YOUR INSTRUCTIONS ▸ Reproduce the tail of the data exactly. It starts at the line containing "simp: cells_of_family_def cell_set_def)" and runs to the last line.

RECORDS PROVIDED ▸

lemma card_mem_eq_card_column:
  assumes "1 \<le> j"
    and G: "G \<subseteq> insert {1..m} (cell_set m ` ({1..m} \<times> {1..}))"
  shows "card {S\<in>G. m + j \<in> S} = card {i. (i, j) \<in> cells_of_family m G}"
proof -
  have "{S\<in>G. m + j \<in> S} = (\<lambda>i. cell_set m (i, j)) ` {i. (i, j) \<in> cells_of_family m G}"
  proof (intro set_eqI iffI)
    fix S assume S: "S \<in> {S\<in>G. m + j \<in> S}"
    then have "S \<noteq> {1..m}" using assms(1) by auto
    then have "S \<in> cell_set m ` ({1..m} \<times> {1..})" using G S by blast
    then obtain i' j' where c: "i' \<in> {1..m}" "1 \<le> j'" "S = cell_set m (i', j')"
      by blast
    have "m + j \<in> cell_set m (i', j')" using S c(3) by simp
    then have "j' = j" using mem_cell_set_iff_gt[of m "m + j" i' j'] assms(1) by simp
    then show "S \<in> (\<lambda>i. cell_set m (i, j)) ` {i. (i, j) \<in> cells_of_family m G}"
      using S c by (auto simp: cells_of_family_def)
  next
    fix S assume "S \<in> (\<lambda>i. cell_set m (i, j)) ` {i. (i, j) \<in> cells_of_family m G}"
    then show "S \<in> {S\<in>G. m + j \<in> S}" by (auto simp: cells_of_family_def cell_set_def)
  qed
  then show ?thesis by (simp add: card_image inj_on_cell_set_column)
qed

section \<open>The diagram (m^n) \<star> \<nu>\<close>

definition part :: "nat list \<Rightarrow> nat \<Rightarrow> nat" where
  "part \<nu> i = (if 1 \<le> i \<and> i \<le> length \<nu> then \<nu> ! (i - 1) else 0)"

locale star_setting =
  fixes m n :: nat and \<nu> :: "nat list"
  assumes n_pos: "1 \<le> n"
    and partition: "is_partition_of (n - 1) \<nu>"
    and length_le: "length \<nu> \<le> m"
begin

RESULT OF THE TASK ▸
    then show "S \<in> {S\<in>G. m + j \<in> S}" by (auto simp: cells_of_family_def cell_set_def)
  qed
  then show ?thesis by (simp add: card_image inj_on_cell_set_column)
qed

section \<open>The diagram (m^n) \<star> \<nu>\<close>

definition part :: "nat list \<Rightarrow> nat \<Rightarrow> nat" where
  "part \<nu> i = (if 1 \<le> i \<and> i \<le> length \<nu> then \<nu> ! (i - 1) else 0)"

locale star_setting =
  fixes m n :: nat and \<nu> :: "nat list"
  assumes n_pos: "1 \<le> n"
    and partition: "is_partition_of (n - 1) \<nu>"
    and length_le: "length \<nu> \<le> m"
begin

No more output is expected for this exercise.